MapReduce Job Execution
Once the resource manager’s scheduler assign a resources to the task for a container on a particular node, the container is started up by the application master by contacting the node manager. The task whose main class is YarnChild is executed by a Java application .
It localizes the resources that the task needed before it can run the task. It includes the job configuration, any files from the distributed cache and JAR file. It finally runs the map or the reduce task. Any kind of bugs in the user-defined map and reduce functions (or even in YarnChild) don’t affect the node manager as YarnChild runs in a dedicated JVM. So it can’t be affected by a crash or hang.
All actions running in the same JVM as the task itself are performed by each task setup. These are determined by the OutputCommitter for the job. The commit action moves the task output to its final location from its initial position for a file-based jobs. When speculative execution is enabled, the commit protocol ensures that only one of the duplicate tasks is committed and the other one is aborted.
What does Streaming means?
Streaming reduce tasks and runs special map for the purpose of launching the user supplied executable and communicating with it. Using standard input and output streams, it communicates with the process. The Java process passes input key-value pairs to the external process during execution of the task. It runs the process through the user-defined map or reduce function and passes the output key-value pairs back to the Java process.
It is as if the child process ran the map or reduce code itself from the manager’s point of view. MapReduce jobs can take anytime from tens of second to hours to run, that’s why are long-running batches. It’s important for the user to get feedback on how the job is progressing because this can be a significant length of time. Each job including the task has a status including the state of the job or task, values of the job’s counters, progress of maps and reduces and the description or status message. These statuses change over the course of the job.

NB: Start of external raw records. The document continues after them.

lemma interp_nrm_decomp_le_infinity:
  assumes th: "0 < \<theta>" "\<theta> \<le> \<theta>'" "\<theta>' < 1" and e: "\<epsilon> > 0" and g: "g \<in> S"
    and gk: "norm (f - g) + \<epsilon> * n1 g \<le> 2 * Kfun S n1 \<epsilon> f"
    and f: "f \<in> interp_space S n1 \<theta> \<infinity>"
  shows "interp_nrm S n1 \<theta>' \<infinity> g \<le> 3 * \<epsilon> powr (\<theta> - \<theta>') * interp_nrm S n1 \<theta> \<infinity> f"
proof -
  define A where "A = interp_nrm S n1 \<theta> \<infinity> f"
  have A0: "0 \<le> A" unfolding A_def by simp
  have A: "t powr (-\<theta>) * Kfun S n1 t f \<le> A" if "t > 0" for t
    using Kfun_le_interp_nrm[OF _ th(1) f that] unfolding A_def interp_sup_const_def by simp
  have "t powr (-\<theta>') * Kfun S n1 t g \<le> 3 * \<epsilon> powr (\<theta> - \<theta>') * A" if t: "t > 0" for t
  proof (cases "t \<le> \<epsilon>")
    case True
    have "t powr (-\<theta>') * Kfun S n1 t g \<le> 2 * A * \<epsilon> powr (\<theta> - 1) * t powr (1 - \<theta>')"
      using Kfun_decomp_small[OF e g gk A[OF e] t True] .
    also have "\<dots> \<le> 2 * A * \<epsilon> powr (\<theta> - 1) * \<epsilon> powr (1 - \<theta>')"
      using A0 t True th by (intro mult_left_mono powr_mono2) auto
    also have "\<dots> = 2 * \<epsilon> powr (\<theta> - \<theta>') * A"
      using e by (simp add: powr_add[symmetric])
    also have "\<dots> \<le> 3 * \<epsilon> powr (\<theta> - \<theta>') * A"
      using A0 by (intro mult_right_mono) auto
    finally show ?thesis .
  next
    case False
    have "t powr (-\<theta>') * Kfun S n1 t g \<le> 3 * \<epsilon> powr (\<theta> - \<theta>') * (t powr (-\<theta>) * Kfun S n1 t f)"
      using Kfun_decomp_large[OF th(2) e g gk] False by simp
    also have "\<dots> \<le> 3 * \<epsilon> powr (\<theta> - \<theta>') * A"
      using A[OF t] by (intro mult_left_mono) auto
    finally show ?thesis .
  qed
  then have "interp_norm S n1 \<theta>' \<infinity> g \<le> ennreal (3 * \<epsilon> powr (\<theta> - \<theta>') * A)"
    unfolding interp_norm_def by (auto intro!: SUP_least ennreal_leI)
  then show ?thesis unfolding A_def by (simp add: enn2real_leI)
qed

lemma interp_nrm_decomp_le_finite:
  assumes q: "1 \<le> q" "q \<noteq> \<infinity>" and th: "0 < \<theta>" "\<theta> \<le> \<theta>'" "\<theta>' < 1" and e: "\<epsilon> > 0"
    and g: "g \<in> S" and gk: "norm (f - g) + \<epsilon> * n1 g \<le> 2 * Kfun S n1 \<epsilon> f"
    and f: "f \<in> interp_space S n1 \<theta> q"
  shows "interp_nrm S n1 \<theta>' q g \<le> decomp_const q \<theta> \<theta>' * \<epsilon> powr (\<theta> - \<theta>') * interp_nrm S n1 \<theta> q f"
proof -
  define p where "p = enn2real q"
  define J where "J = enn2real (interp_integral S n1 \<theta> p f)"
  define A where "A = interp_nrm S n1 \<theta> q f"
  define M where "M = interp_sup_const q \<theta> * A"
  have p: "1 \<le> p" unfolding p_def using enn2real_ge_1[OF q] .
  have fin: "interp_integral S n1 \<theta> p f \<noteq> \<infinity>" unfolding p_def using interp_integral_finite[OF q(2) f] .
  have J0: "0 \<le> J" unfolding J_def by simp
  have AJ: "A = J powr (1/p)"
    unfolding A_def J_def p_def using interp_nrm_eq_integral[OF q(2) fin[unfolded p_def]] by simp
  have M0: "0 \<le> M" unfolding M_def A_def using interp_sup_const_nonneg by simp
  have Mp: "M powr p = \<theta> * p * J"
    unfolding M_def interp_sup_const_def AJ using q th p J0
    by (simp add: p_def[symmetric] powr_mult[symmetric] powr_powr)
  define B where "B = (2 * M * \<epsilon> powr (\<theta> - 1)) powr p * (\<epsilon> powr ((1 - \<theta>') * p) / ((1 - \<theta>') * p))
      + (3 * \<epsilon> powr (\<theta> - \<theta>')) powr p * J"
  have B0: "0 \<le> B" unfolding B_def using J0 th p by auto
  have IB: "interp_integral S n1 \<theta>' p g \<le> ennreal B"
    unfolding B_def J_def M_def A_def
    using th e g gk Kfun_le_interp_nrm[OF q(1) th(1) f e] interp_sup_const_nonneg p fin
    by (intro interp_integral_decomp_le) auto
  then have Ifin: "interp_integral S n1 \<theta>' p g \<noteq> \<infinity>" by (auto simp: top_unique)
  have "interp_nrm S n1 \<theta>' q g = enn2real (interp_integral S n1 \<theta>' p g) powr (1/p)"
    using interp_nrm_eq_integral[OF q(2) Ifin[unfolded p_def]] unfolding p_def by simp
  also have "\<dots> \<le> B powr (1/p)"
    using IB B0 p by (intro powr_mono2) (auto simp: enn2real_leI)
  also have "B = \<epsilon> powr ((\<theta> - \<theta>') * p) * J * (2 powr p * \<theta> / (1 - \<theta>') + 3 powr p)"
    unfolding B_def using split_bound_eq[OF p th(3) e M0 Mp] .
  also have "(\<epsilon> powr ((\<theta> - \<theta>') * p) * J * (2 powr p * \<theta> / (1 - \<theta>') + 3 powr p)) powr (1/p)
      = \<epsilon> powr (\<theta> - \<theta>') * A * decomp_const q \<theta> \<theta>'"
    unfolding AJ decomp_const_def using q J0 th p
    by (simp add: p_def[symmetric] powr_mult powr_powr)
  finally show ?thesis unfolding A_def by (simp add: mult.commute mult.left_commute)
qed

lemma interp_nrm_decomp_le:
  assumes q: "1 \<le> q" and th: "0 < \<theta>" "\<theta> \<le> \<theta>'" "\<theta>' < 1" and e: "\<epsilon> > 0" and g: "g \<in> S"
    and gk: "norm (f - g) + \<epsilon> * n1 g \<le> 2 * Kfun S n1 \<epsilon> f"
    and f: "f \<in> interp_space S n1 \<theta> q"
  shows "interp_nrm S n1 \<theta>' q g \<le> decomp_const q \<theta> \<theta>' * \<epsilon> powr (\<theta> - \<theta>') * interp_nrm S n1 \<theta> q f"
proof (cases "q = \<infinity>")
  case True
  then show ?thesis
    using interp_nrm_decomp_le_infinity[OF th e g gk] f by (simp add: decomp_const_def)
next
  case False
  show ?thesis by (rule interp_nrm_decomp_le_finite[OF q False th e g gk f])
qed
lemma m_minus_left: "m (- x) y = - m x y"
  using m_add_left[of "- x" x y] by (simp add: eq_neg_iff_add_eq_0)

lemma m_minus_right: "m x (- y) = - m x y"
  using m_add_right[of x "- y" y] by (simp add: eq_neg_iff_add_eq_0)

lemma m_diff_left: "m (x - y) z = m x z - m y z"
  using m_add_left[of x "- y" z] by (simp add: m_minus_left)

lemma m_diff_right: "m x (y - z) = m x y - m x z"
  using m_add_right[of x y "- z"] by (simp add: m_minus_right)

lemmas m_bilinear = m_add_left m_add_right m_minus_left m_minus_right m_diff_left m_diff_right

lemma commutator_add_left: "commutator m (u + v) y = commutator m u y + commutator m v y"
  unfolding commutator_def by (simp add: m_bilinear)

lemma commutator_add_right: "commutator m y (u + v) = commutator m y u + commutator m y v"
  unfolding commutator_def by (simp add: m_bilinear)

lemma commutator_zero_left [simp]: "commutator m 0 y = 0"
  unfolding commutator_def by simp

lemma commutator_zero_right [simp]: "commutator m y 0 = 0"
  unfolding commutator_def by simp

lemma lie_poly_add: "lie_poly m ((u + v) # ys) = lie_poly m (u # ys) + lie_poly m (v # ys)"
  by (induction ys arbitrary: u v) (simp_all add: commutator_add_left)

lemma lie_poly_zero [simp]: "lie_poly m (0 # ys) = 0"
  by (induction ys) simp_all

lemma lie_poly_minus: "lie_poly m ((- u) # ys) = - lie_poly m (u # ys)"
  using lie_poly_add[of u "- u" ys] by (simp add: eq_neg_iff_add_eq_0 add.commute)

lemma lie_poly_diff: "lie_poly m ((u - v) # ys) = lie_poly m (u # ys) - lie_poly m (v # ys)"
  using lie_poly_add[of u "- v" ys] by (simp add: lie_poly_minus)

end

locale lie_n_der = nonassoc_ring +
  fixes D :: "'a::ab_group_add \<Rightarrow> 'a" and n :: nat
  assumes derivation: "lie_n_derivation m n D"
    and two_le_n: "2 \<le> n"
begin
lemma rank_le_card_of_mspan:
  assumes T: "finite T" "T \<subseteq> carrier_mat nn qq" "Bl \<subseteq> mspan nn qq T"
  shows "rank Mx \<le> card T"
proof -
  obtain S where "S \<subseteq> set (cols Mx)"
    and S: "lin_indpt S" "finite S" "card S = rank Mx" "S \<subseteq> span (vectorize nn qq ` T)"
    by (rule rank_basis_in_span[OF T(2,3)])
  have VT: "vectorize nn qq ` T \<subseteq> carrier_vec (qq * nn)" by auto
  have "card S \<le> card (vectorize nn qq ` T)"
    using card_le_of_lin_indpt_subset_span[OF S(2) _ VT S(1,4)] T(1) by auto
  also have "\<dots> \<le> card T" by (rule card_image_le[OF T(1)])
  finally show ?thesis using S(3) by simp
qed

lemma subset_mspan_of_card_le_rank:
  assumes T: "finite T" "T \<subseteq> carrier_mat nn qq" "Bl \<subseteq> mspan nn qq T"
    and card: "card T \<le> rank Mx"
  shows "T \<subseteq> mspan nn qq Bl"
proof
  obtain S where S_cols: "S \<subseteq> set (cols Mx)" and S: "lin_indpt S" "finite S" "card S = rank Mx"
    "S \<subseteq> span (vectorize nn qq ` T)"
    by (rule rank_basis_in_span[OF T(2,3)])
  have SC: "S \<subseteq> carrier_vec (qq * nn)"
    using S_cols Mx_carrier by (metis carrier_matD(1) cols_dim subset_trans)
  have VT: "vectorize nn qq ` T \<subseteq> carrier_vec (qq * nn)" by auto
  fix t assume t: "t \<in> T"
  \<comment> \<open>otherwise S and t would form an independent subset of span T larger than T\<close>
  have "vectorize nn qq t \<in> span S"
  proof (rule ccontr)
    assume ns: "vectorize nn qq t \<notin> span S"
    then have nS: "vectorize nn qq t \<notin> S" using in_own_span[OF SC] by auto
    then have "lin_indpt (insert (vectorize nn qq t) S)"
      using lin_dep_iff_in_span[OF SC S(1) _ nS] ns by auto
    moreover have "insert (vectorize nn qq t) S \<subseteq> span (vectorize nn qq ` T)"
      using S(4) in_own_span[OF VT] t by auto
    ultimately have "card (insert (vectorize nn qq t) S) \<le> card (vectorize nn qq ` T)"
      using card_le_of_lin_indpt_subset_span[OF _ _ VT] S(2) T(1) by simp
    also have "\<dots> \<le> card T" by (rule card_image_le[OF T(1)])
    finally show False using nS S(2,3) card by simp
  qed
  moreover have "span S \<subseteq> span (set (cols Mx))"
    by (rule span_is_monotone[OF S_cols])
  ultimately show "t \<in> mspan nn qq Bl"
    using mspan_iff_span_vectorize[OF refl Bl_carrier] set_cols_Mx T(2) t by auto
qed

lemma mspan_eq_of_spanning_family:
  assumes f: "\<And>k. k < rank Mx \<Longrightarrow> f k \<in> carrier_mat nn qq"
    and sp: "Bl \<subseteq> mspan nn qq (f ` {..<rank Mx})"
  shows "mspan nn qq (f ` {..<rank Mx}) = mspan nn qq Bl"
proof
  have fC: "f ` {..<rank Mx} \<subseteq> carrier_mat nn qq" using f by auto
  have "card (f ` {..<rank Mx}) \<le> rank Mx"
    using card_image_le[of "{..<rank Mx}" f] by simp
  then have "f ` {..<rank Mx} \<subseteq> mspan nn qq Bl"
    using subset_mspan_of_card_le_rank[OF _ fC sp] by simp
  then show "mspan nn qq (f ` {..<rank Mx}) \<subseteq> mspan nn qq Bl"
    by (rule mspan_subset_mspanI[OF Bl_carrier])
  show "mspan nn qq Bl \<subseteq> mspan nn qq (f ` {..<rank Mx})"
    by (rule mspan_subset_mspanI[OF fC sp])
qed
(* Let $\gamma>0$, $R>0$ and $j\in\mathbb{N}$. Suppose $w\in\mathbb{C}_+$ satisfies $w=G_{j,R}(w)$, where $$G_{j,R}(w):=\frac{-B_j(w)+iA(w)}{2R},\quad A(w):=\log\left|\frac{\mathrm{sq}_-(w^2+i\gamma)-w}{\mathrm{sq}_-(w^2+i\gamma)+w}\right|,\quad B_j(w):=\arg_-\!\left(\frac{\mathrm{sq}_-(w^2+i\gamma)-w}{\mathrm{sq}_-(w^2+i\gamma)+w}\right)+2\pi j,$$ and suppose $w^2+i\gamma\in\mathbb{C}_+$. Then $w^2+i\gamma\in\sigma_d(L_{\gamma,R})$.
   Context: For $\gamma,R>0$, $L_{\gamma,R}=-\frac{d^2}{dx^2}+i\gamma\chi_{[0,R]}$ on $L^2(\mathbb{R}_+)$ with Dirichlet boundary condition at $0$; $\sigma_d$ denotes the set of eigenvalues of finite algebraic multiplicity in $\mathbb{C}\setminus\mathbb{R}_+$. $\arg_-(\zeta)\in[-\pi,\pi)$ and $\mathrm{sq}_-(\zeta)=\sqrt{|\zeta|}e^{\frac i2\arg_-(\zeta)}$ (branch cut along $\mathbb{R}_-$). *)

theory Defs
  imports "HOL-Analysis.Analysis"
begin

text \<open>Branch conventions of the paper: arg_m z \<in> [-pi, pi), sq_m z = sqrt|z| e^{i arg_m z / 2}.\<close>

definition arg_m :: "complex \<Rightarrow> real" where
  "arg_m z = (if Arg z = pi then - pi else Arg z)"

definition sq_m :: "complex \<Rightarrow> complex" where
  "sq_m z = complex_of_real (sqrt (cmod z)) * exp (\<i> * complex_of_real (arg_m z / 2))"

definition quot_AB :: "real \<Rightarrow> complex \<Rightarrow> complex" where
  "quot_AB \<gamma> w = (sq_m (w\<^sup>2 + \<i> * complex_of_real \<gamma>) - w) / (sq_m (w\<^sup>2 + \<i> * complex_of_real \<gamma>) + w)"

definition A_fun :: "real \<Rightarrow> complex \<Rightarrow> real" where
  "A_fun \<gamma> w = ln (cmod (quot_AB \<gamma> w))"

definition B_fun :: "real \<Rightarrow> nat \<Rightarrow> complex \<Rightarrow> real" where
  "B_fun \<gamma> j w = arg_m (quot_AB \<gamma> w) + 2 * pi * real j"

definition G_fun :: "real \<Rightarrow> nat \<Rightarrow> real \<Rightarrow> complex \<Rightarrow> complex" where
  "G_fun \<gamma> j R w = (- complex_of_real (B_fun \<gamma> j w) + \<i> * complex_of_real (A_fun \<gamma> w)) / (2 * complex_of_real R)"

definition sq_int :: "(real \<Rightarrow> complex) \<Rightarrow> bool" where
  "sq_int f \<longleftrightarrow> (\<lambda>x. (cmod (f x))\<^sup>2) integrable_on {0..}"

text \<open>Operator domain H^2 \<inter> H^1_0 of L_{gamma,R} (functions normalised to vanish on the negative
  half-line, so that a.e.-classes of continuous representatives are unique); u' and u'' are
  the first and second derivatives. Since the potential jumps only at R, u'' is only required
  to exist away from R.\<close>
definition in_dom :: "real \<Rightarrow> (real \<Rightarrow> complex) \<Rightarrow> (real \<Rightarrow> complex) \<Rightarrow> (real \<Rightarrow> complex) \<Rightarrow> bool" where
  "in_dom R u u' u'' \<longleftrightarrow>
     (\<forall>x<0. u x = 0) \<and> u 0 = 0 \<and>
     (\<forall>x\<ge>0. (u has_vector_derivative u' x) (at x within {0..})) \<and>
     continuous_on {0..} u' \<and>
     (\<forall>x>0. x \<noteq> R \<longrightarrow> (u' has_vector_derivative u'' x) (at x)) \<and>
     sq_int u \<and> sq_int u' \<and> sq_int u''"

text \<open>gen_ker gamma R lam k = ker (L_{gamma,R} - lam)^k.\<close>
primrec gen_ker :: "real \<Rightarrow> real \<Rightarrow> complex \<Rightarrow> nat \<Rightarrow> (real \<Rightarrow> complex) set" where
  "gen_ker \<gamma> R lam 0 = {\<lambda>x. 0}"
| "gen_ker \<gamma> R lam (Suc k) = {u. \<exists>u' u''. in_dom R u u' u'' \<and>
      (\<exists>v\<in>gen_ker \<gamma> R lam k. \<forall>x>0. x \<noteq> R \<longrightarrow>
         - u'' x + (\<i> * complex_of_real \<gamma> * complex_of_real (indicator {0..R} x) - lam) * u x = v x)}"

definition is_eigenvalue :: "real \<Rightarrow> real \<Rightarrow> complex \<Rightarrow> bool" where
  "is_eigenvalue \<gamma> R lam \<longleftrightarrow> (\<exists>u\<in>gen_ker \<gamma> R lam 1. u \<noteq> (\<lambda>x. 0))"

definition finite_alg_mult :: "real \<Rightarrow> real \<Rightarrow> complex \<Rightarrow> bool" where
  "finite_alg_mult \<gamma> R lam \<longleftrightarrow> (\<exists>B. finite B \<and>
     (\<forall>u\<in>(\<Union>k. gen_ker \<gamma> R lam k). \<exists>c. \<forall>x. u x = (\<Sum>b\<in>B. c b * b x)))"

definition sigma_d :: "real \<Rightarrow> real \<Rightarrow> complex set" where
  "sigma_d \<gamma> R = {lam. \<not> (Im lam = 0 \<and> Re lam \<ge> 0) \<and> is_eigenvalue \<gamma> R lam \<and> finite_alg_mult \<gamma> R lam}"

end

theory Submission
  imports Defs "HOL-Real_Asymp.Real_Asymp"
begin

(* Let lam = w^2 + i gamma and K = sq_m lam, so that K^2 = lam and Im K > 0. Unwinding A and B,
  the fixed-point equation w = G(w) says exp(2iRw) (K - w)/(K + w) = 1, which is the matching
  condition w cos(wR) = i K sin(wR). Hence psi = sin(wx) on [0,R], psi = sin(wR) exp(iK(x - R))
  beyond R, is a C^1 solution of -psi'' + i gamma chi_[0,R] psi = lam psi that decays
  exponentially: lam is an eigenvalue.
  If (L - lam) u = a psi, the Wronskian u' psi - u psi' + a Phi, with Phi the primitive of psi^2
  vanishing at 0, is constant and vanishes at 0. As x tends to infinity, psi and psi' decay while
  Phi tends to a nonzero limit, so a <> 0 would keep |u'| + |K| |u| bounded away from 0,
  contradicting square integrability. So a = 0, the Wronskian of u and psi vanishes and u is a
  multiple of psi: by induction the whole root space is spanned by psi. *)

lemma cis_arg_m: "cis (arg_m z) = cis (Arg z)"
  by (auto simp: arg_m_def complex_eq_iff)

lemma sq_m_power2: "(sq_m z)\<^sup>2 = z"
proof -
  have "(sq_m z)\<^sup>2 = of_real ((sqrt (cmod z))\<^sup>2) * (cis (arg_m z / 2))\<^sup>2"
    by (simp add: sq_m_def cis_conv_exp power_mult_distrib del: real_sqrt_pow2 of_real_power
        flip: of_real_power)
  also have "(cis (arg_m z / 2))\<^sup>2 = cis (Arg z)"
    by (simp add: power2_eq_square cis_mult cis_arg_m)
  finally show ?thesis
    by (simp add: rcis_cmod_Arg flip: rcis_def)
qed

lemma Im_sq_m_pos:
  assumes "Im z > 0"
  shows "Im (sq_m z) > 0"
proof -
  have Arg: "0 < Arg z" "Arg z < pi"
    using assms Arg_lt_pi by auto
  then have "sq_m z = of_real (sqrt (cmod z)) * cis (Arg z / 2)"
    by (simp add: sq_m_def arg_m_def cis_conv_exp)
  then have "Im (sq_m z) = sqrt (cmod z) * sin (Arg z / 2)"
    by simp
  moreover have "sin (Arg z / 2) > 0"
    using Arg by (intro sin_gt_zero) auto
  ultimately show ?thesis
    using assms by (auto simp: zero_less_mult_iff)
qed

lemma exp_ln_norm_arg_m:
  assumes "q \<noteq> 0"
  shows "exp (of_real (ln (cmod q)) + \<i> * of_real (arg_m q + 2 * pi * of_int n)) = q"
proof -
  have "exp (of_real (ln (cmod q)) + \<i> * of_real (arg_m q + 2 * pi * of_int n))
      = of_real (cmod q) * cis (arg_m q + 2 * pi * of_int n)"
    using assms by (simp add: exp_add exp_of_real cis_conv_exp)
  also have "cis (arg_m q + 2 * pi * of_int n) = cis (Arg q)"
    using cis_multiple_2pi[of "of_int n"] by (simp add: cis_arg_m flip: cis_mult)
  finally show ?thesis
    by (simp add: rcis_cmod_Arg flip: rcis_def)
qed

lemma exp_G_fun_mult_quot_AB:
  assumes "R \<noteq> 0" and "quot_AB \<gamma> w \<noteq> 0"
  shows "exp (2 * \<i> * of_real R * G_fun \<gamma> j R w) * quot_AB \<gamma> w = 1"
proof -
  let ?q = "quot_AB \<gamma> w"
  have "2 * \<i> * of_real R * G_fun \<gamma> j R w
      = - (of_real (ln (cmod ?q)) + \<i> * of_real (arg_m ?q + 2 * pi * of_int (int j)))"
    using assms(1) by (simp add: G_fun_def A_fun_def B_fun_def field_simps)
  then have "exp (2 * \<i> * of_real R * G_fun \<gamma> j R w) = inverse ?q"
    by (simp only: exp_minus exp_ln_norm_arg_m[OF assms(2)])
  then show ?thesis
    using assms(2) by simp
qed

lemma Im_G_fun: "Im (G_fun \<gamma> j R w) = A_fun \<gamma> w / (2 * R)"
  by (simp add: G_fun_def)

lemma matching_of_exp_quotient:
  fixes w K :: complex and R :: real
  assumes "exp (2 * \<i> * of_real R * w) * ((K - w) / (K + w)) = 1"
  shows "w * cos (w * of_real R) = \<i> * K * sin (w * of_real R)"
proof -
  define E where "E = exp (\<i> * w * of_real R)"
  have "E \<noteq> 0" "K + w \<noteq> 0"
    using assms by (auto simp: E_def)
  moreover have "E\<^sup>2 = exp (2 * \<i> * of_real R * w)"
    by (simp add: E_def exp_double [symmetric] algebra_simps)
  ultimately have key: "w * (E\<^sup>2 + 1) = K * (E\<^sup>2 - 1)"
    using assms by (simp add: field_simps)
  have "cos (w * of_real R) = (E + inverse E) / 2" "sin (w * of_real R) = (E - inverse E) / (2 * \<i>)"
    by (simp_all add: cos_exp_eq sin_exp_eq E_def exp_minus algebra_simps)
  then show ?thesis
    unfolding \<open>cos _ = _\<close> \<open>sin _ = _\<close> using key \<open>E \<noteq> 0\<close>
    by (simp add: field_simps power2_eq_square) algebra
qed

The task keeps track of its progress when a task is running like a part of the task is completed. This is the proportion of the input that has been processed for map tasks. It is a little more complex for the reduce task but the system can still estimate the proportion of the reduce input processed. When a task is running, it keeps track of its progress (i.e., the proportion of the task completed). For map tasks, this is the proportion of the input that has been processed. For reduce tasks, it’s a little more complex, but the system can still estimate the proportion of the reduce input processed.
Process involved –
- Read an input record in a mapper or reducer.
- Write an output record in a mapper or reducer.
- Set the status description.
- Increment a counter using Reporter’s incrCounter() method or Counter’s increment() method.
- Call Reporter’s or TaskAttemptContext’s progress() method.